Нас разделили на взводы и направили в казарму, где в каждом от её, открытом одной стороной к общему коридору стояли «двухэтажные» койки, рядом с которыми приютились по две тумбочки, а в ногах – по две табуретки. Мне повезло, меня поселили на нижнюю кровать.
Правда «повезло» и в другом. Однажды ночью чувствую, что на моё одеяло капает вода, и она оказалась мочой. Это хозяин верхней кровати, как бы не грубо сказать – описался. Слышу жалобный голос: «Прошу тебя, никому не говори, я тебе заменю одеяло на своё, оно сухое!» Оказалось, что на него наорал за какую-то мелочь младший сержант – командир отделения, пообещав сообщить командиру роты и посадить на гаупвахту. Да, есть у некоторых трусов такое недержание от испуга. Я про себя выругался, а слабовольному солдату пообещал не выдавать никому его конфуз.

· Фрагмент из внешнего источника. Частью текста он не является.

lemma equiv_hrel: "equiv sph (hrel X n x)"
proof -
  define R where "R u v \<longleftrightarrow> u \<in> sph \<and> v \<in> sph \<and> (htpy X n u v \<or> htpy X n v u)" for u v
  have hrel: "hrel X n x = {(a, b). a \<in> sph \<and> b \<in> sph \<and> R\<^sup>*\<^sup>* a b}"
    unfolding hrel_def R_def by simp
  have "equivp R\<^sup>*\<^sup>*" by (rule equivp_rtranclp) (auto simp: R_def intro: sympI)
  then show ?thesis unfolding hrel
    by (intro equivI refl_onI symI transI) (auto dest: equivp_symp equivp_transp)
qed

lemma hclass_eq_iff: "a \<in> sph \<Longrightarrow> b \<in> sph \<Longrightarrow> hclass X n x a = hclass X n x b \<longleftrightarrow> (a, b) \<in> hrel X n x"
  unfolding hclass_def by (rule eq_equiv_class_iff[OF equiv_hrel])

lemma hrel_sym: "(a, b) \<in> hrel X n x \<Longrightarrow> (b, a) \<in> hrel X n x"
  using equiv_hrel unfolding equiv_def by (meson symD)

lemma hrel_trans: "(a, b) \<in> hrel X n x \<Longrightarrow> (b, c) \<in> hrel X n x \<Longrightarrow> (a, c) \<in> hrel X n x"
  using equiv_hrel unfolding equiv_def by (meson transD)

lemma thin_htpy_hrel:
  assumes "u \<in> sph" "v \<in> sph" "thin_htpy u v"
  shows "(u, v) \<in> hrel X n x"
  using assms htpy_of_htpy_simplex unfolding thin_htpy_def hrel_def by blast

В первый день нам выдали пилотки, гимнастёрки, так называемые шаровары и сапоги с портретами, а также шапки (была зима) и шинели.
С сапогами устроили, как говорят сейчас, мастер-класс. Почти час нас учили их накручивать на ноги. Это не прошло даром, даже сегодня. Спустя полвека, я их смогу намотать за десяток секунд.
Шинель я выбрал покороче – почти как гражданское короткое, по моде, пальтишко. Ну, думаю, буду щеголять в ней. Но старшина, заметив это, поменял её на другую, долгополую.
Выдали также нижнее бельё – рубаху и, ввиду зимней формы, кальсоны, которые я в жизни не носил, а здесь пришлось, и повели в баню, где мы простились со своими домашними майками и трусами.
Пару слов о казарме, которая прыгала одной стороной к плацу, а окна другой стороны из коридора смотрели на забор, находящийся в нескольких метрах, за которым кипела гражданская жизнь. Казарма существовала по тому же назначению ещё со времён Речи Посполитой, и стены её были толщиной, наверное, с метр, что могло защитить польских вояк не только от ядер, но и от более современных боеприпасов – снарядов, не говоря уже о гранатах, винтовочных и пулемётных пуль.
Утро в «учебке»
Подъём после первой ночи в казарме оказался затяжным. После отбоя заснуть было трудно – мало того, что сон на новом месте, да ещё мысли в голове перескакивающие с одной на другую, да воспоминания о доме, да волнения от событий, прошедших нескольких дней, да смена обстановки, да неопределенность будущего. Только к утру удалось заснуть, а тут команда дневального: «Рота, подъём!»
Замкомвзвода, старший сержант, с ехидной улыбкой смотрел, как мы, словно сонные мухи, потягиваясь нехотя поднимались с уютно тёплых кроватей и не спеша одевалась. После этого наш командир сказал, что время на подъём, одевайтесь и построение ограничено временем горения спички, и мы будем вставать, да и ложиться по команде «Отбой!», пока горит спичка, и будем тренироваться, пока не уложимся в норматив! «Отбой!" И чихнул спичкой. В этот вечер замкомвзвода израсходовал, наверное, треть коробка.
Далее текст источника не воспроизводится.